Si pour l’heure, la paix entre les deux pays n’a pas mis fin à la conscription forcée des Érythréens, l'afflux de réfugiés vers l’Éthiopie pourrait être bénéfique pour la puissance régionale de plus de 95 millions d’habitants, selon Marc Lavergne. "L'économie éthiopienne est en plein boom. Et les jeunes qui viennent sont qualifiés. Ils ont fait des études secondaires ou supérieures. Ils parlent pour la plupart le tigréen ou l'amharique. C’est tout ce dont l’Éthiopie a besoin pour se développer. Et c’est ce que Abiy Ahmed a compris", explique le chercheur. Selon un rapport de la Banque Mondiale, le pays a eu la croissance écnomique la plus élevée au monde en 2017 (8,3 %).

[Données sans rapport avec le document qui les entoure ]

text \<open>The boxes with corners \<open>(\<alpha>, \<alpha> - 1)\<close> and \<open>(\<beta> + 1, \<beta>)\<close> hold at most one rook of
  \<open>S\<close> in the rectangle each, the boxes at \<open>(\<alpha>, j)\<close> and \<open>(i, \<beta>)\<close> at least one.\<close>

lemma box_count_S_Int_rect_le_1:
  assumes "y < x"
  shows "box_count (S \<inter> rect) x y \<le> 1"
proof -
  have "box_count S x y \<le> box_count D x y"
    using S_le_D assms by (simp add: box_le_def)
  moreover have "box_ind (i, j) x y \<le> 1"
    by (simp add: box_ind_def)
  ultimately show ?thesis
    using box_count_S_Int_rect[of x y] by linarith
qed

lemma rect_rook_unique_left:
  assumes "p \<in> S \<inter> rect" "q \<in> S \<inter> rect" "snd p < \<alpha>" "snd q < \<alpha>"
  shows "p = q"
proof (rule box_count_le_1_unique[where A = "S \<inter> rect" and x = \<alpha> and y = "\<alpha> - 1"])
  show "box_count (S \<inter> rect) \<alpha> (\<alpha> - 1) \<le> 1"
    using bounds by (intro box_count_S_Int_rect_le_1) simp
  show "\<alpha> \<le> fst p" "\<alpha> \<le> fst q"
    using assms(1,2) by (simp_all add: rect_def)
qed (use assms finite_S in simp_all)

lemma rect_rook_unique_low:
  assumes "p \<in> S \<inter> rect" "q \<in> S \<inter> rect" "\<beta> < fst p" "\<beta> < fst q"
  shows "p = q"
proof (rule box_count_le_1_unique[where A = "S \<inter> rect" and x = "Suc \<beta>" and y = \<beta>])
  show "box_count (S \<inter> rect) (Suc \<beta>) \<beta> \<le> 1"
    by (intro box_count_S_Int_rect_le_1) simp
  show "snd p \<le> \<beta>" "snd q \<le> \<beta>"
    using assms(1,2) by (simp_all add: rect_def)
qed (use assms finite_S in simp_all)

lemma rect_rooks_obtain:
  obtains p1 p2 where "S \<inter> rect = {p1, p2}" "snd p1 = j" "fst p2 = i"
proof -
  have "1 \<le> box_count (S \<inter> rect) \<alpha> j"
    using box_count_S_Int_rect[of \<alpha> j] box_count_off_rect[of j \<alpha>] bounds by (simp add: box_ind_def)
  then obtain p1 where p1: "p1 \<in> S \<inter> rect" "snd p1 \<le> j"
    by (rule box_count_pos_obtain)
  have "1 \<le> box_count (S \<inter> rect) i \<beta>"
    using box_count_S_Int_rect[of i \<beta>] box_count_off_rect[of \<beta> i] bounds by (simp add: box_ind_def)
  then obtain p2 where p2: "p2 \<in> S \<inter> rect" "i \<le> fst p2"
    by (rule box_count_pos_obtain)
  have "snd p1 = j"
    using p1 by (auto simp: rect_def)
  have "fst p2 = i"
    using p2 by (auto simp: rect_def)
  have "q = p1 \<or> q = p2" if q: "q \<in> S \<inter> rect" for q
  proof (cases "snd q < \<alpha>")
    case True
    then show ?thesis
      using rect_rook_unique_left[OF q p1(1)] \<open>snd p1 = j\<close> bounds by simp
  next
    case False
    then show ?thesis
      using rect_rook_left_or_low[OF q] rect_rook_unique_low[OF q p2(1)] \<open>fst p2 = i\<close> bounds by simp
  qed
  then have "S \<inter> rect = {p1, p2}"
    using p1(1) p2(1) by blast
  then show ?thesis
    using that \<open>snd p1 = j\<close> \<open>fst p2 = i\<close> by blast
qed

lemma S_cases: "S = T \<or> S = D"
proof -
  obtain p1 p2 where s: "S \<inter> rect = {p1, p2}" and p1: "snd p1 = j" and p2: "fst p2 = i"
    using rect_rooks_obtain by blast
  have in_rect: "p1 \<in> S \<inter> rect" "p2 \<in> S \<inter> rect"
    using s by auto
  have S_eq: "S = D - {(i, j)} \<union> {p1, p2}"
    using S_minus_rect D_Int_rect s by blast
  show ?thesis
  proof (cases "p1 = p2")
    case True
    then have "p1 = (i, j)"
      using p1 p2 by (simp add: prod_eq_iff)
    then show ?thesis
      using S_eq True corner by auto
  next
    case False
    have "fst p1 = \<alpha>"
    proof (rule ccontr)
      assume "fst p1 \<noteq> \<alpha>"
      then have "\<beta> < fst p1"
        using rect_rook_shape(1)[OF in_rect(1)] by simp
      then show False
        using rect_rook_unique_low[OF in_rect] p2 bounds False by simp
    qed
    moreover have "snd p2 = \<beta>"
    proof (rule ccontr)
      assume "snd p2 \<noteq> \<beta>"
      then have "snd p2 < \<alpha>"
        using rect_rook_shape(2)[OF in_rect(2)] by simp
      then show False
        using rect_rook_unique_left[OF in_rect] p1 bounds False by simp
    qed
    ultimately have "p1 = (\<alpha>, j)" "p2 = (i, \<beta>)"
      using p1 p2 by (simp_all add: prod_eq_iff)
    then show ?thesis
      using S_eq by (auto simp: rook_split_def)
  qed
qed

end

lemma (in admissible_split) split_in_Lplus: "T \<in> Lplus n D"
proof -
  have Phi: "T \<subseteq> Phi n" "D \<subseteq> Phi n"
    using rook_Phi rook_T rook_D by auto
  have "rless n T D"
    using T_box_le_D corner corner_notin_T rleq_iff_box_le[OF Phi] by (auto simp: rless_def)
  moreover have "\<not> (\<exists>S. rook n S \<and> rless n T S \<and> rless n S D)"
  proof
    assume "\<exists>S. rook n S \<and> rless n T S \<and> rless n S D"
    then obtain S where S: "rook n S" "rless n T S" "rless n S D"
      by blast
    then interpret split_between n D i j \<alpha> \<beta> S
      using rleq_iff_box_le[OF Phi(1) rook_Phi] rleq_iff_box_le[OF rook_Phi Phi(2)]
      by unfold_locales (auto simp: rless_def)
    show False
      using S_cases S by (auto simp: rless_def)
  qed
  ultimately show ?thesis
    using rook_T card_T by (simp add: Lplus_def)
qed
lemma emeasure_past_trawl_set:
  assumes d_cont: "continuous_on {..0} d" and d_range: "\<And>s. s \<le> 0 \<Longrightarrow> d s \<in> {0..1}"
    and "0 \<le> t"
  shows "emeasure (restrict_space lborel {0..1} \<Otimes>\<^sub>M lborel) (past_trawl_set d t)
    = (\<integral>\<^sup>+ s. ennreal (indicator {..-t} s * d s) \<partial>lborel)"
proof -
  interpret pair_sigma_finite "restrict_space lborel {0..1::real}" lborel
    by (intro pair_sigma_finite.intro sigma_finite_measure_restrict_space
        lborel.sigma_finite_measure_axioms) simp
  have slice: "emeasure (restrict_space lborel {0..1}) ((\<lambda>x. (x, s)) -` past_trawl_set d t)
      = ennreal (indicator {..0} s * d (s - t))" for s
  proof (cases "s \<le> 0")
    case True
    then have "(\<lambda>x. (x, s)) -` past_trawl_set d t = {0..d (s - t)}" "d (s - t) \<in> {0..1}"
      using d_range[of "s - t"] \<open>0 \<le> t\<close> by (auto simp: past_trawl_set_def)
    then show ?thesis
      using True by (simp add: emeasure_restrict_space)
  qed (auto simp: past_trawl_set_def)
  have [measurable]: "(\<lambda>s. indicator {..0} s *\<^sub>R d s) \<in> borel_measurable borel"
    by (rule borel_measurable_continuous_on_indicator[OF _ d_cont]) simp
  have "emeasure (restrict_space lborel {0..1} \<Otimes>\<^sub>M lborel) (past_trawl_set d t)
      = (\<integral>\<^sup>+ s. ennreal (indicator {..0} s * d (s - t)) \<partial>lborel)"
    using past_trawl_set_in_sets[OF d_cont _ \<open>0 \<le> t\<close>] d_range
    by (simp add: emeasure_pair_measure_alt2 slice)
  also have "\<dots> = (\<integral>\<^sup>+ s. ennreal (indicator {..-t} (-t + 1 * s) * d (-t + 1 * s)) \<partial>lborel)"
    using \<open>0 \<le> t\<close> by (intro nn_integral_cong) (simp add: indicator_def)
  also have "\<dots> = (\<integral>\<^sup>+ s. ennreal (indicator {..-t} s * d s) \<partial>lborel)"
  proof -
    have "(\<lambda>s. indicator {..-t} s * d s) = (\<lambda>s. indicator {..-t} s * (indicator {..0} s *\<^sub>R d s))"
      using \<open>0 \<le> t\<close> by (auto simp: indicator_def)
    also have "\<dots> \<in> borel_measurable borel"
      by measurable
    finally have [measurable]: "(\<lambda>s. indicator {..-t} s * d s) \<in> borel_measurable borel" .
    have "(\<lambda>s. ennreal (indicator {..-t} s * d s)) \<in> borel_measurable borel"
      by measurable
    from nn_integral_real_affine[OF this, of 1 "-t"] show ?thesis
      by simp
  qed
  finally show ?thesis .
qed

lemma
  fixes \<nu> :: "(real ^ 'n) measure"
  assumes "sets \<nu> = sets borel" and "A \<in> sets (restrict_space lborel {0..1} \<Otimes>\<^sub>M lborel)"
  shows Times_in_sets_trawl_intensity: "UNIV \<times> A \<in> sets (trawl_intensity \<nu>)"
    and emeasure_trawl_intensity_Times: "emeasure (trawl_intensity \<nu>) (UNIV \<times> A)
      = emeasure \<nu> UNIV * emeasure (restrict_space lborel {0..1} \<Otimes>\<^sub>M lborel) A"
proof -
  interpret sigma_finite_measure "restrict_space lborel {0..1::real} \<Otimes>\<^sub>M lborel"
    by (intro sigma_finite_pair_measure sigma_finite_measure_restrict_space
        lborel.sigma_finite_measure_axioms) simp
  have "UNIV \<in> sets \<nu>"
    using assms(1) by simp
  then show "UNIV \<times> A \<in> sets (trawl_intensity \<nu>)"
    "emeasure (trawl_intensity \<nu>) (UNIV \<times> A)
      = emeasure \<nu> UNIV * emeasure (restrict_space lborel {0..1} \<Otimes>\<^sub>M lborel) A"
    using assms(2) by (simp_all add: trawl_intensity_def emeasure_pair_measure_Times)
qed
(* Let $A\subseteq\mathbb{N}$ be a set whose natural density $\mathrm{dens}(A)$ exists and is positive, and let $m,\gamma$ be integers with $2\le\gamma<m$. Then for every $k\ge 1$, \[ \underline{\mathrm{dens}}\Big(A\cap \bigcup_{n\in R_k}\big([m^n,\gamma m^n]\cap\mathbb{N}\big)\Big)>0, \] where $R_k=\{2^{k-1}(2j+1): j\in\mathbb{N}_0\}$.
   Context: $\mathbb{N}=\{1,2,\dots\}$, $\mathbb{N}_0=\mathbb{N}\cup\{0\}$. For $A\subseteq\mathbb{N}$, $\underline{\mathrm{dens}}(A)=\liminf_{n\to\infty}\#(A\cap[1,n])/n$ and $\mathrm{dens}(A)=\lim_{n\to\infty}\#(A\cap[1,n])/n$ when this limit exists. Equivalently, $R_k=\{n\in\mathbb{N}: v_2(n)+1=k\}$ where $v_2$ is the $2$-adic valuation. *)

theory Defs
  imports "HOL-Analysis.Analysis"
begin

definition count_ratio :: "nat set \<Rightarrow> nat \<Rightarrow> real" where
  "count_ratio A n = real (card (A \<inter> {1..n})) / real n"

definition lower_dens :: "nat set \<Rightarrow> ereal" where
  "lower_dens A = liminf (\<lambda>n. ereal (count_ratio A n))"

definition has_dens :: "nat set \<Rightarrow> real \<Rightarrow> bool" where
  "has_dens A d \<longleftrightarrow> (count_ratio A \<longlongrightarrow> d) sequentially"

definition R :: "nat \<Rightarrow> nat set" where
  "R k = {2 ^ (k - 1) * (2 * j + 1) | j. True}"

end

theory Submission
  imports Defs
begin

text \<open>
  Since A has density d, the dilated interval [M, \<gamma> M] contains about d (\<gamma> - 1) M elements
  of A once M is large. Writing R k as the progression 2^(k-1) + 2^k j, every large N lies
  between \<gamma> m^n and \<gamma> m^n m^(2^k) for some n \<in> R k, so [m^n, \<gamma> m^n] \<subseteq> [1, N] carries a fixed
  positive proportion of N elements of the set in question.
\<close>

lemma card_dilated_interval_eventually_ge:
  fixes A :: "nat set" and \<gamma> :: nat
  assumes "has_dens A d" "\<gamma> \<ge> 1" "c < d * (real \<gamma> - 1)"
  shows "eventually (\<lambda>M. c * real M \<le> real (card (A \<inter> {M..\<gamma> * M}))) sequentially"
proof -
  have lim: "count_ratio A \<longlonglongrightarrow> d"
    using assms(1) unfolding has_dens_def .
  have "(\<lambda>M. count_ratio A (\<gamma> * M)) \<longlonglongrightarrow> d"
    using filterlim_compose[OF lim mult_nat_left_at_top] assms(2) by simp
  then have "(\<lambda>M. real \<gamma> * count_ratio A (\<gamma> * M) - count_ratio A M) \<longlonglongrightarrow> real \<gamma> * d - d"
    using lim by (intro tendsto_intros)
  then have "eventually (\<lambda>M. c < real \<gamma> * count_ratio A (\<gamma> * M) - count_ratio A M) sequentially"
    using assms(3) by (intro order_tendstoD(1)) (auto simp: algebra_simps)
  then show ?thesis
    using eventually_gt_at_top[of 0]
  proof eventually_elim
    case (elim M)
    have "c * M < (real \<gamma> * count_ratio A (\<gamma> * M) - count_ratio A M) * M"
      using elim by simp
    also have "\<dots> = real (card (A \<inter> {1..\<gamma> * M})) - real (card (A \<inter> {1..M}))"
      using elim assms(2) by (simp add: left_diff_distrib count_ratio_def)
    also have "\<dots> \<le> real (card (A \<inter> {M..\<gamma> * M}))"
    proof -
      have "card (A \<inter> {1..\<gamma> * M}) \<le> card (A \<inter> {1..M}) + card (A \<inter> {M..\<gamma> * M})"
        by (rule order_trans[OF card_mono card_Un_le]) auto
      then show ?thesis
        by linarith
    qed
    finally show ?case
      by simp
  qed
qed

lemma arith_progression_in_R: "k \<ge> 1 \<Longrightarrow> 2 ^ (k - 1) + 2 ^ k * j \<in> R k"
  unfolding R_def by (cases k) (auto simp: algebra_simps)

lemma power_bracket_in_R:
  fixes m \<gamma> k N :: nat
  assumes "k \<ge> 1" "m \<ge> 2" "\<gamma> \<ge> 1" "\<gamma> * m ^ 2 ^ (k - 1) \<le> N"
  obtains n where "n \<in> R k" "\<gamma> * m ^ n \<le> N" "N < \<gamma> * m ^ n * m ^ 2 ^ k"
proof -
  define f where "f j = \<gamma> * m ^ (2 ^ (k - 1) + 2 ^ k * j)" for j
  have "N < f (Suc N)"
  proof -
    have "N < 2 ^ (k - 1) + 2 ^ k * Suc N"
      using mult_le_mono1[of 1 "2 ^ k" "Suc N"] by simp
    also have "\<dots> < 2 ^ (2 ^ (k - 1) + 2 ^ k * Suc N)"
      by (rule less_exp)
    also have "\<dots> \<le> m ^ (2 ^ (k - 1) + 2 ^ k * Suc N)"
      using assms(2) by (simp add: power_mono)
    also have "\<dots> \<le> f (Suc N)"
      using assms(3) unfolding f_def by simp
    finally show ?thesis .
  qed
  moreover have "\<not> N < f 0"
    using assms(4) unfolding f_def by simp
  ultimately obtain j where "f j \<le> N" "N < f (Suc j)"
    using ex_least_nat_less[of "\<lambda>j. N < f j"] by (auto simp: not_less)
  moreover have "f (Suc j) = f j * m ^ 2 ^ k"
    unfolding f_def by (simp add: power_add)
  ultimately have "f j \<le> N" "N < f j * m ^ 2 ^ k"
    by simp_all
  then show ?thesis
    unfolding f_def by (rule that[OF arith_progression_in_R[OF assms(1)]])
qed

lemma count_ratio_ge_of_subset:
  fixes c K M :: real
  assumes "S \<subseteq> B \<inter> {1..N}" "c * M \<le> card S" "0 \<le> c" "0 \<le> M" "0 < N" "real N \<le> K * M"
  shows "c / K \<le> count_ratio B N"
proof -
  have "card S \<le> card (B \<inter> {1..N})"
    using assms(1) by (intro card_mono) auto
  have "c / K = c * M / (K * M)"
    using assms(5,6) by (cases "M = 0") auto
  also have "\<dots> \<le> c * M / N"
    using assms(3-6) by (intro divide_left_mono) auto
  also have "\<dots> \<le> card (B \<inter> {1..N}) / N"
    using assms(2) \<open>card S \<le> card (B \<inter> {1..N})\<close> by (intro divide_right_mono) auto
  finally show ?thesis
    unfolding count_ratio_def .
qed

lemma lower_dens_pos_of_eventually_ge:
  assumes "0 < c" "\<forall>\<^sub>F N in sequentially. c \<le> count_ratio B N"
  shows "lower_dens B > 0"
proof -
  have "ereal c \<le> lower_dens B"
    unfolding lower_dens_def using assms(2) by (intro Liminf_bounded) (auto elim: eventually_mono)
  then show ?thesis
    using assms(1) by (meson ereal_less(2) less_le_trans)
qed

theorem lemma2p2:
  fixes A :: "nat set" and d :: real and m \<gamma> k :: nat
  assumes "A \<subseteq> {1..}"
    and "has_dens A d" and "d > 0"
    and "2 \<le> \<gamma>" and "\<gamma> < m"
    and "k \<ge> 1"
  shows "lower_dens (A \<inter> (\<Union>n\<in>R k. {m ^ n .. \<gamma> * m ^ n})) > 0"
proof (rule lower_dens_pos_of_eventually_ge)
  define c where "c = d * (real \<gamma> - 1) / 2"
  define K where "K = \<gamma> * m ^ 2 ^ k"
  have "c > 0" "K > 0"
    using assms unfolding c_def K_def by auto
  then show "0 < c / K"
    by simp
  obtain M0 where M0: "\<And>M. M \<ge> M0 \<Longrightarrow> c * M \<le> card (A \<inter> {M..\<gamma> * M})"
    using card_dilated_interval_eventually_ge[OF assms(2), of \<gamma> c] assms(3,4)
    unfolding c_def eventually_sequentially by auto
  show "\<forall>\<^sub>F N in sequentially. c / K \<le> count_ratio (A \<inter> (\<Union>n\<in>R k. {m ^ n .. \<gamma> * m ^ n})) N"
  proof (rule eventually_sequentiallyI)
    fix N
    assume N: "max (\<gamma> * m ^ 2 ^ (k - 1)) (K * M0) \<le> N"
    obtain n where n: "n \<in> R k" "\<gamma> * m ^ n \<le> N" "N < K * m ^ n"
      using power_bracket_in_R[OF assms(6), of m \<gamma> N] N assms(4,5)
      unfolding K_def by (auto simp: algebra_simps)
    have "0 < \<gamma> * m ^ n"
      using assms(4,5) by simp
    with n(2) have "0 < N"
      by linarith
    have "K * M0 < K * m ^ n"
      using N n(3) by linarith
    then have "c * m ^ n \<le> card (A \<inter> {m ^ n..\<gamma> * m ^ n})"
      by (intro M0) simp
    then show "c / K \<le> count_ratio (A \<inter> (\<Union>n\<in>R k. {m ^ n .. \<gamma> * m ^ n})) N"
      using n assms(1) \<open>c > 0\<close> \<open>0 < N\<close>
      by (intro count_ratio_ge_of_subset[where M = "m ^ n"]) (auto simp flip: of_nat_mult of_nat_power)
  qed
qed

end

L’ouverture des frontières entre les deux ex-frères ennemis de la Corne de l’Afrique pourrait porter un coup au business très rentable du trafic d’êtres humains dans la région. "Il y a beaucoup de jeunes Érythréens qui ont été racketés et torturés dans le Sinaï. L'ouverture va tarir les flux vers l'Europe ou vers Israël", affirme Marc Lavergne, le spécialiste de la région. "Mais l’attractivité de l’Europe va se réduire si l’Éthiopie répond aux promesses qu’elle représente aujourd’hui", prévient le chercheur.